United States Senator Lindsey Graham has a message for Israelis and his own party’s skeptics: There is no sustainable future for Israel without a political horizon that separates Israelis and Palestinians into two states, once the security conditions exist.
Anything else, he warns, would either end Israel’s Jewish character or leave millions permanently disenfranchised and isolate the country.
“There is no other alternative,” the South Carolina senator told The Jerusalem Post in an interview on Friday during the Republican Jewish Coalition summit in Las Vegas. “A one-state solution would either end Israel as a Jewish state or leave millions without rights, which the world will not accept.
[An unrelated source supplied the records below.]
lemma gaussian_weight_add_double:
  assumes s: "0 < s"
  shows "gaussian_weight s (A + {#e, e#}) = (real (count A e) + 1) * s\<^sup>2 * gaussian_weight s A"
proof -
  let ?rest = "\<Prod>x\<in>set_mset A - {e}. gaussian_moment s (count A x)"
  have weight_A: "gaussian_weight s A = gaussian_moment s (count A e) * ?rest"
    using s by (cases "e \<in># A")
      (simp_all add: gaussian_weight_def prod.remove gaussian_moment_0 not_in_iff)
  have "gaussian_weight s (A + {#e, e#}) = gaussian_moment s (count A e + 2)
      * (\<Prod>x\<in>set_mset A - {e}. gaussian_moment s (count (A + {#e, e#}) x))"
    unfolding gaussian_weight_def by (simp add: prod.insert_remove)
  also have "(\<Prod>x\<in>set_mset A - {e}. gaussian_moment s (count (A + {#e, e#}) x)) = ?rest"
    by (rule prod.cong) auto
  finally show ?thesis using weight_A gaussian_moment_add_2[OF s] by simp
qed

lemma gaussian_weight_add_double_ge:
  "0 < s \<Longrightarrow> s\<^sup>2 * gaussian_weight s A \<le> gaussian_weight s (A + {#e, e#})"
  using gaussian_weight_add_double[of s A e] gaussian_weight_nonneg[of s A]
  by (simp add: mult_right_mono)

lemma gaussian_weight_add_two_doubles_ge:
  assumes s: "0 < s"
  shows "s ^ 4 * (real (count A e) + 1) * gaussian_weight s A
    \<le> gaussian_weight s (A + {#e', e'#} + {#e, e#})"
proof -
  let ?A' = "A + {#e', e'#}"
  have "s ^ 4 * (real (count A e) + 1) * gaussian_weight s A
      = ((real (count A e) + 1) * s\<^sup>2) * (s\<^sup>2 * gaussian_weight s A)"
    by (simp add: power4_eq_xxxx power2_eq_square mult_ac)
  also have "\<dots> \<le> ((real (count ?A' e) + 1) * s\<^sup>2) * gaussian_weight s ?A'"
    using gaussian_weight_add_double_ge[OF s] gaussian_weight_nonneg[OF s]
    by (intro mult_mono) auto
  also have "\<dots> = gaussian_weight s (?A' + {#e, e#})"
    using gaussian_weight_add_double[OF s] by simp
  finally show ?thesis .
qed

lemma sum_count_eq_size:
  assumes "finite A" and "set_mset X \<subseteq> A"
  shows "(\<Sum>x\<in>A. count X x) = size X"
proof -
  have "(\<Sum>x\<in>A. count X x) = (\<Sum>x\<in>set_mset X. count X x)"
    using assms by (intro sum.mono_neutral_right) (auto simp: not_in_iff)
  then show ?thesis by (simp add: size_multiset_overloaded_eq)
qed

lemma sum_diagonal_le:
  fixes g :: "'a \<Rightarrow> 'a \<Rightarrow> 'b :: {semiring_1, ordered_comm_monoid_add}"
  assumes "finite A" and "\<And>x y. x \<in> A \<Longrightarrow> y \<in> A \<Longrightarrow> 0 \<le> g x y"
  shows "(\<Sum>x\<in>A. g x x) \<le> (\<Sum>x\<in>A. \<Sum>y\<in>A. g x y)"
proof (rule sum_mono)
  fix x assume "x \<in> A"
  then show "g x x \<le> (\<Sum>y\<in>A. g x y)"
    using assms by (intro member_le_sum[of x A "g x"]) auto
qed

fun path_edges :: "nat \<Rightarrow> nat list \<Rightarrow> (nat \<times> nat) multiset" where
  "path_edges i [] = {#}"
| "path_edges i (j # p) = add_mset (i, j) (path_edges j p)"

definition paths :: "nat \<Rightarrow> nat \<Rightarrow> nat list set" where
  "paths N l = {p. length p = l \<and> set p \<subseteq> {..<N}}"

lemma size_path_edges: "size (path_edges i p) = length p"
  by (induction p arbitrary: i) auto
To be pro-Israel, you need to be honest with Israel.”
Graham, one of the Senate’s most vocal hawks on Iran and a longtime supporter of Israel, said October 7 was engineered to kill the very idea of reconciliation between Israel and the Arab world and to make any talk of a Palestinian state politically impossible.
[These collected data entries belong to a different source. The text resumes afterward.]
lemma gradient_tilt_potential_in_classK: "gradient_field e (tilt_potential e c) \<in> classK P"
proof (rule gradient_field_in_classK[OF e _ alpha_pos])
  show "integrable P (\<lambda>\<omega>. \<bar>tilt_potential e c \<omega>\<bar> powr (1 + \<alpha>))"
  proof -
    have "\<bar>ln (tilt_prob e c \<omega>) - tilt_drift e c\<bar> \<le> 1 + \<bar>tilt_drift e c\<bar>" for \<omega>
      using abs_ln_tilt_prob_le[of c e \<omega>] c_pos c_le by (smt (verit))
    then have "integrable P (\<lambda>\<omega>. \<bar>(ln (tilt_prob e c \<omega>) - tilt_drift e c) + - ln (pi0 \<omega> e)\<bar> powr (1 + \<alpha>))"
      using log_pi0_moment e alpha_pos
      by (intro integrable_abs_powr_add_bounded[where K = "1 + \<bar>tilt_drift e c\<bar>"]) auto
    then show ?thesis by (simp add: tilt_potential_def algebra_simps)
  qed
  show "(\<integral>\<omega>. tilt_potential e c \<omega> \<partial>P) = 0"
    using integrable_ln_tilt_prob integrable_ln_pi0[OF e]
    by (simp add: tilt_potential_def tilt_drift_def)
qed simp

text \<open>By the fixed point equation the tilted probabilities across a bond multiply to \<open>c\<close> times
  the original ones, which is why the exponent is a gradient plus \<open>\<theta> z + ln c / 2\<close>.\<close>

lemma tilt_kernel_exponential:
  "AE \<omega> in P. \<forall>z\<in>U. pi0 \<omega> z * exp (e * (tilt_drift e c - ln c / 2) * z
      + gradient_field e (tilt_potential e c) \<omega> z + ln c / 2) = tilt_kernel e c \<omega> z"
  using AE_bond[OF e]
proof eventually_elim
  case (elim \<omega>)
  have q: "0 < tilt_prob e c \<omega>" "0 < tilt_prob e c (shift (-e) \<omega>)"
    using tilt_prob_bounds(1)[of c e \<omega>] tilt_prob_bounds(1)[of c e "shift (-e) \<omega>"] c_pos c_le
    by auto
  have pi: "0 < pi0 \<omega> e" "0 < pi0 \<omega> (-e)" "0 < pi0 (shift (-e) \<omega>) e"
    using elim U_eq[OF e] by auto
  show ?case
  proof
    fix z assume z: "z \<in> U"
    then consider "z = e" | "z = -e" "-e \<noteq> e" using U_cases[OF e] U_cases[OF z] by fastforce
    then show "pi0 \<omega> z * exp (e * (tilt_drift e c - ln c / 2) * z
        + gradient_field e (tilt_potential e c) \<omega> z + ln c / 2) = tilt_kernel e c \<omega> z"
    proof cases
      case 1
      then have "pi0 \<omega> z * exp (e * (tilt_drift e c - ln c / 2) * z
          + gradient_field e (tilt_potential e c) \<omega> z + ln c / 2)
          = pi0 \<omega> e * exp (ln (tilt_prob e c \<omega>) - ln (pi0 \<omega> e))"
        by (simp only: tilt_exponent_forward[OF e])
      also have "\<dots> = tilt_prob e c \<omega>"
        using q pi by (simp add: exp_diff)
      finally show ?thesis
        using 1 by (simp add: tilt_kernel_def)
    next
      case 2
      then have "pi0 \<omega> z * exp (e * (tilt_drift e c - ln c / 2) * z
          + gradient_field e (tilt_potential e c) \<omega> z + ln c / 2)
          = pi0 \<omega> (-e) * exp (ln c + ln (pi0 (shift (-e) \<omega>) e) - ln (tilt_prob e c (shift (-e) \<omega>)))"
        by (simp only: tilt_exponent_backward[OF e])
      also have "\<dots> = c * (pi0 (shift (-e) \<omega>) e * pi0 \<omega> (-e)) / tilt_prob e c (shift (-e) \<omega>)"
        using q pi c_pos by (simp add: exp_add exp_diff)
      also have "\<dots> = 1 - tilt_prob e c \<omega>"
        using tilt_prob_fixpoint[of c e \<omega>] c_pos c_le elim by simp
      finally show ?thesis
        using 2 by (simp add: tilt_kernel_def)
    qed
  qed
qed

lemma tilted_chain:
  "\<exists>\<mu>. \<mu> \<in> A_xi (e / tilt_mass e c) \<inter> M1s_ac P \<and> exponential_tilt P \<mu>"
proof -
  interpret kernel_chain P "\<lambda>\<omega>. tilt_weight e c \<omega> / tilt_mass e c" "tilt_kernel e c"
    using tilt_chain[OF e] c_pos c_le by simp
  have "chain_measure \<in> A_xi (e / tilt_mass e c)"
    using chain_measure_in_M1 mean_step_tilt_chain[OF e] c_pos c_le by (simp add: A_xi_def)
  moreover have "chain_measure \<in> M1s_ac P"
    using tilt_chain_invariant[OF e] AE_tilt_kernel_pos[OF e c_pos c_le] c_pos c_le
    by (intro chain_measure_in_M1s_ac) auto
  moreover have "exponential_tilt P chain_measure"
    unfolding exponential_tilt_def
  proof (rule exI[of _ "e * (tilt_drift e c - ln c / 2)"], rule exI[of _ "gradient_field e (tilt_potential e c)"],
      rule exI[of _ "ln c / 2"], intro conjI ballI)
    show "gradient_field e (tilt_potential e c) \<in> classK P"
      by (rule gradient_tilt_potential_in_classK)
    fix z A assume z: "z \<in> U" and A: "A \<in> sets Omega"
    show "emeasure chain_measure (A \<times> {z}) = (\<integral>\<^sup>+\<omega>. ennreal (pi0 \<omega> z * exp (e * (tilt_drift e c - ln c / 2) * z
        + gradient_field e (tilt_potential e c) \<omega> z + ln c / 2)) * indicator A \<omega> \<partial>marg1 chain_measure)"
    proof (rule emeasure_chain_measure_slice_marg1[OF A z])
      show "(\<lambda>\<omega>. pi0 \<omega> z * exp (e * (tilt_drift e c - ln c / 2) * z
          + gradient_field e (tilt_potential e c) \<omega> z + ln c / 2)) \<in> borel_measurable Omega"
        unfolding gradient_field_def by measurable
      show "AE \<omega> in P. pi0 \<omega> z * exp (e * (tilt_drift e c - ln c / 2) * z
          + gradient_field e (tilt_potential e c) \<omega> z + ln c / 2) = tilt_kernel e c \<omega> z"
        using tilt_kernel_exponential by eventually_elim (use z in blast)
    qed
  qed
  ultimately show ?thesis by blast
qed

end

lemma speed_range:
  assumes "e \<in> U"
  shows "\<exists>\<beta>. 0 \<le> \<beta> \<and> \<beta> < 1 \<and>
    (\<forall>t. \<beta> < t \<and> t < 1 \<longrightarrow> (\<exists>\<mu>. \<mu> \<in> A_xi (real_of_int e * t) \<inter> M1s_ac P \<and> exponential_tilt P \<mu>))"
  using tilt_mass_range[OF assms] tilted_chain[OF assms] by (metis times_divide_eq_right mult_1_right)

end

theorem theorem1p7:
  fixes P :: "env measure"
  assumes "stationary_ergodic P"
    and "AE \<omega> in P. pi0 \<omega> 1 > 0 \<and> pi0 \<omega> (-1) > 0"
    and "\<exists>\<alpha> > 0. \<forall>z \<in> U. integrable P (\<lambda>\<omega>. \<bar>ln (pi0 \<omega> z)\<bar> powr (1 + \<alpha>))"
  shows "\<exists>\<xi>c \<xi>c'. -1 < \<xi>c' \<and> \<xi>c' \<le> 0 \<and> 0 \<le> \<xi>c \<and> \<xi>c < 1 \<and>
    (\<forall>\<xi>. \<xi> \<in> {-1<..<\<xi>c'} \<union> {\<xi>c<..<1} \<longrightarrow>
      (\<exists>\<mu>. \<mu> \<in> A_xi \<xi> \<inter> M1s_ac P \<and>
        (\<exists>\<theta> F r. F \<in> classK P \<and>
          (\<forall>z \<in> U. \<forall>A \<in> sets Omega. emeasure \<mu> (A \<times> {z}) =
             (\<integral>\<^sup>+ \<omega>. ennreal (pi0 \<omega> z * exp (\<theta> * real_of_int z + F \<omega> z + r)) * indicator A \<omega>
                \<partial>(marg1 \<mu>))))))"
proof -
  obtain \<alpha> where \<alpha>: "\<alpha> > 0" "\<forall>z \<in> U. integrable P (\<lambda>\<omega>. \<bar>ln (pi0 \<omega> z)\<bar> powr (1 + \<alpha>))"
    using assms(3) by blast
  interpret log_moment_env P \<alpha>
    using assms(1,2) \<alpha> by unfold_locales
  obtain \<beta> where \<beta>: "0 \<le> \<beta>" "\<beta> < 1"
    and right: "\<And>t. \<beta> < t \<Longrightarrow> t < 1 \<Longrightarrow> \<exists>\<mu>. \<mu> \<in> A_xi t \<inter> M1s_ac P \<and> exponential_tilt P \<mu>"
    using speed_range[of 1] by (auto simp: U_def)
  obtain \<beta>' where \<beta>': "0 \<le> \<beta>'" "\<beta>' < 1"
    and left: "\<And>t. \<beta>' < t \<Longrightarrow> t < 1 \<Longrightarrow> \<exists>\<mu>. \<mu> \<in> A_xi (-t) \<inter> M1s_ac P \<and> exponential_tilt P \<mu>"
    using speed_range[of "-1"] by (auto simp: U_def)
  have "\<exists>\<mu>. \<mu> \<in> A_xi \<xi> \<inter> M1s_ac P \<and> exponential_tilt P \<mu>" if "\<xi> \<in> {-1<..<-\<beta>'} \<union> {\<beta><..<1}" for \<xi>
    using that left[of "-\<xi>"] right[of \<xi>] by auto
  then show ?thesis
    using \<beta> \<beta>' unfolding exponential_tilt_def by (intro exI[of _ \<beta>] exI[of _ "-\<beta>'"]) auto
qed

end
The correct response, he argued, pairs hard power with a credible political horizon: finish Hamas if it refuses to disarm, pressure Hezbollah to give up its heavy weapons, then rebuild Gaza with partners like Saudi Arabia and the United Arab Emirates under strict, measurable benchmarks and with ironclad security guarantees for Israel.
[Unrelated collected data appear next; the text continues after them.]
lemma set_map_dcoord: "set (map (dcoord n) is) \<subseteq> Dual n"
  using Dual_dcoord by auto

text \<open>The coefficient is pushed to the front letter by letter with the balance relation,
  picking up a sign on its odd part at each odd letter, and is absorbed by the front relation.\<close>

lemma Krel_dlmul_dcoord:
  assumes "set b \<subseteq> Dual n" "c \<in> Lam" "l \<in> Lam"
  shows "\<exists>l'\<in>Lam. fsingle l (map (dcoord n) is @ [dlmul n c (dcoord n j)] @ b)
                 - fsingle l' (map (dcoord n) is @ [dcoord n j] @ b) \<in> Krel n par"
  using assms
proof (induction "is" arbitrary: j c b l rule: rev_induct)
  case Nil
  have "fsingle c (dcoord n j # b) - fsingle (gconst 1) (dlmul n c (dcoord n j) # b) \<in> Krel n par"
    using Nil Dual_dcoord by (intro Krel.front) auto
  from Krel_diff_flmul[OF this Nil(3)]
  have "fsingle (gmul l c) (dcoord n j # b) - fsingle l (dlmul n c (dcoord n j) # b) \<in> Krel n par"
    by (rule Krel_subst) (simp only: Nil(3) flmul_diff flmul_fsingle gmul_one_right[OF Lam_zero_on_infinite[OF Nil(3)]])
  hence "fsingle l (map (dcoord n) [] @ [dlmul n c (dcoord n j)] @ b) - fsingle (gmul l c) (map (dcoord n) [] @ [dcoord n j] @ b) \<in> Krel n par"
    by (rule Krel_subst[OF Krel_diff_sym]) simp
  from this Lam_gmul[OF Nil(3) Nil(2)] show ?case by (rule bexI)
next
  case (snoc k "is")
  let ?a = "map (dcoord n) is"
  have "fsingle (gconst 1) (?a @ [dright n par (dcoord n k) c, dcoord n j] @ b)
      - fsingle (gconst 1) (?a @ [dcoord n k, dlmul n c (dcoord n j)] @ b) \<in> Krel n par"
    using snoc Dual_dcoord set_map_dcoord by (intro Krel.balance) auto
  from Krel_diff_sym[OF Krel_diff_flmul[OF this snoc(4)]]
  have 1: "fsingle l (?a @ [dcoord n k, dlmul n c (dcoord n j)] @ b)
      - fsingle l (?a @ [dlmul n (parity_twist par k c) (dcoord n k)] @ (dcoord n j # b)) \<in> Krel n par"
    by (rule Krel_subst) (simp add: snoc(4) flmul_fsingle_one dright_dcoord)
  have h: "set (dcoord n j # b) \<subseteq> Dual n" using snoc(2) Dual_dcoord by auto
  obtain l' where l': "l' \<in> Lam" "fsingle l (?a @ [dlmul n (parity_twist par k c) (dcoord n k)] @ (dcoord n j # b))
      - fsingle l' (?a @ [dcoord n k] @ (dcoord n j # b)) \<in> Krel n par"
    using snoc.IH[OF h Lam_parity_twist[OF snoc(3)] snoc(4)] by blast
  have "fsingle l (map (dcoord n) (is @ [k]) @ [dlmul n c (dcoord n j)] @ b)
                 - fsingle l' (map (dcoord n) (is @ [k]) @ [dcoord n j] @ b) \<in> Krel n par"
    using Krel_diff_trans[OF 1 l'(2)] by (rule Krel_subst) simp
  thus ?case using l'(1) by blast
qed

definition coord_comb :: "nat \<Rightarrow> nat list set \<Rightarrow> (nat list \<Rightarrow> lam) \<Rightarrow> tel" where
  "coord_comb n W C = (\<Sum>w\<in>W. fsingle (C w) (map (dcoord n) w))"

definition coord_words :: "nat \<Rightarrow> nat \<Rightarrow> nat list set" where
  "coord_words n r = {w. set w \<subseteq> {..<n} \<and> length w = r}"

lemma finite_coord_words: "finite (coord_words n r)"
  unfolding coord_words_def by (rule finite_lists_length_eq) simp

lemma fsingle_sum: "fsingle (sum f J) us = (\<Sum>j\<in>J. fsingle (f j) us)"
  by (auto simp: fsingle_def sum_fun_apply fun_eq_iff)

lemma coord_comb_sum: "coord_comb n W (\<lambda>w. \<Sum>j\<in>J. C j w) = (\<Sum>j\<in>J. coord_comb n W (C j))"
  unfolding coord_comb_def by (simp add: fsingle_sum sum.swap[of _ J])

lemma Fmap_coord_comb: "v \<in> Mset n \<Longrightarrow> Fmap (coord_comb n W C) v = (\<Sum>w\<in>W. gmul (C w) (gprod (map v w)))"
  unfolding coord_comb_def by (simp add: Fmap_sum Fmap_fsingle eval_word_dcoord)

lemma Krel_expand_letter:
  assumes "u \<in> Dual n" "set us \<subseteq> Dual n" "l \<in> Lam"
  shows "\<exists>L. (\<forall>j. L j \<in> Lam) \<and> fsingle l (map (dcoord n) is @ [u] @ us)
     - (\<Sum>j<n. fsingle (L j) (map (dcoord n) is @ [dcoord n j] @ us)) \<in> Krel n par"
proof -
  let ?a = "map (dcoord n) is"
  define c where "c j = u (mbasis j)" for j
  have cL: "c j \<in> Lam" for j using Dual_Lam[OF assms(1)] by (simp add: c_def)
  have ue: "u = (\<Sum>j<n. dlmul n (c j) (dcoord n j))"
    using Dual_dcoord_expansion[OF assms(1)] by (simp add: c_def)
  have 1: "fsingle l (?a @ [u] @ us)
      - (\<Sum>j<n. fsingle l (?a @ [dlmul n (c j) (dcoord n j)] @ us)) \<in> Krel n par"
    using assms cL Dual_dcoord set_map_dcoord
    by (subst (1) ue, intro Krel_fsingle_sum_factor) (auto intro: Dual_dlmul)
  have "\<forall>j. \<exists>l'\<in>Lam. fsingle l (?a @ [dlmul n (c j) (dcoord n j)] @ us)
                 - fsingle l' (?a @ [dcoord n j] @ us) \<in> Krel n par"
    using Krel_dlmul_dcoord[OF assms(2) cL assms(3)] by blast
  then obtain L where L: "\<And>j. L j \<in> Lam" "\<And>j. fsingle l (?a @ [dlmul n (c j) (dcoord n j)] @ us)
                 - fsingle (L j) (?a @ [dcoord n j] @ us) \<in> Krel n par"
    by metis
  have "fsingle l (?a @ [u] @ us) - (\<Sum>j<n. fsingle (L j) (?a @ [dcoord n j] @ us)) \<in> Krel n par"
    using Krel_diff_trans[OF 1 Krel_diff_sum[OF L(2)]] .
  with L(1) show ?thesis by blast
qed

lemma Krel_expand_dcoords:
  assumes "set us \<subseteq> Dual n" "set is \<subseteq> {..<n}" "l \<in> Lam"
  shows "\<exists>C. (\<forall>w. C w \<in> Lam) \<and>
     fsingle l (map (dcoord n) is @ us) - coord_comb n (coord_words n (length is + length us)) C \<in> Krel n par"
  using assms
proof (induction us arbitrary: "is" l)
  case Nil
  let ?C = "\<lambda>w. if w = is then l else 0"
  have "is \<in> coord_words n (length is)" using Nil by (auto simp: coord_words_def)
  hence "coord_comb n (coord_words n (length is)) ?C = fsingle l (map (dcoord n) is)"
    unfolding coord_comb_def using finite_coord_words
    by (simp add: if_distrib[of "\<lambda>c. fsingle c _"] cong: if_cong)
  moreover have "\<forall>w. ?C w \<in> Lam" using Nil by auto
  ultimately show ?case
    by (intro exI[of _ ?C]) (simp only: append_Nil2 list.size(3) add_0_right diff_self Krel.zero simp_thms)
next
  case (Cons u us)
  let ?a = "map (dcoord n) is" and ?W = "coord_words n (length is + length (u # us))"
  have uD: "u \<in> Dual n" and usD: "set us \<subseteq> Dual n" using Cons.prems(1) by auto
  obtain L where L: "\<And>j. L j \<in> Lam"
    "fsingle l (?a @ [u] @ us) - (\<Sum>j<n. fsingle (L j) (?a @ [dcoord n j] @ us)) \<in> Krel n par"
    using Krel_expand_letter[OF uD usD Cons.prems(3)] by blast
  have "\<exists>C. (\<forall>w. C w \<in> Lam) \<and>
     fsingle (L j) (map (dcoord n) (is @ [j]) @ us) - coord_comb n ?W C \<in> Krel n par" if "j < n" for j
  proof -
    have "set (is @ [j]) \<subseteq> {..<n}" using that Cons.prems(2) by auto
    moreover have "length (is @ [j]) + length us = length is + length (u # us)" by simp
    ultimately show ?thesis using Cons.IH[OF usD _ L(1), of "is @ [j]" j] by (simp only:)
  qed
  then obtain Cf where Cf: "\<And>j w. j < n \<Longrightarrow> Cf j w \<in> Lam"
    "\<And>j. j < n \<Longrightarrow> fsingle (L j) (?a @ [dcoord n j] @ us) - coord_comb n ?W (Cf j) \<in> Krel n par"
    by (simp only: map_append list.map append_assoc append_Cons append_Nil) metis
  have "(\<Sum>j<n. fsingle (L j) (?a @ [dcoord n j] @ us))
        - (\<Sum>j<n. coord_comb n ?W (Cf j)) \<in> Krel n par"
    by (rule Krel_diff_sum) (rule Cf(2), simp)
  hence "fsingle l (?a @ u # us) - coord_comb n ?W (\<lambda>w. \<Sum>j<n. Cf j w) \<in> Krel n par"
    using Krel_diff_trans[OF L(2)] by (simp add: coord_comb_sum)
  moreover have "\<forall>w. (\<Sum>j<n. Cf j w) \<in> Lam" using Cf(1) by (auto intro: Lam_sum)
  ultimately show ?case by (intro exI[of _ "\<lambda>w. \<Sum>j<n. Cf j w"] conjI)
qed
“Hamas must be gone as a governing and fighting force,” he said. “Then you put Gaza in the hands of Arabs who do not want to kill all the Jews – Saudi Arabia, the UAE, and others. They reconstruct Gaza. They change the school system so it does not glorify killing Jews. You devolve authority based on performance. If they cannot meet the metrics, they do not get the power. Meanwhile, Israel gets new security boundaries and the right to act.”
Graham’s critique of those who reject any two-state framework was unsparing, including toward parts of Israel’s right wing that still dream of sovereignty or annexation, if you will. “If you want to marginalize the Jewish state, go down that road,” he said. “It will do more damage to Israel’s future than any bomb Iran could ever build. You would lose support here in America, and you would isolate Israel from the world.”
Graham added that no administration in Washington is going to tell Arab leaders that Gaza and the West Bank will simply be handed to Israel.
“There are a billion Muslims. If you imagine a new Middle East with no Palestinians in Gaza and the West Bank, you are living in a dream world,” he said.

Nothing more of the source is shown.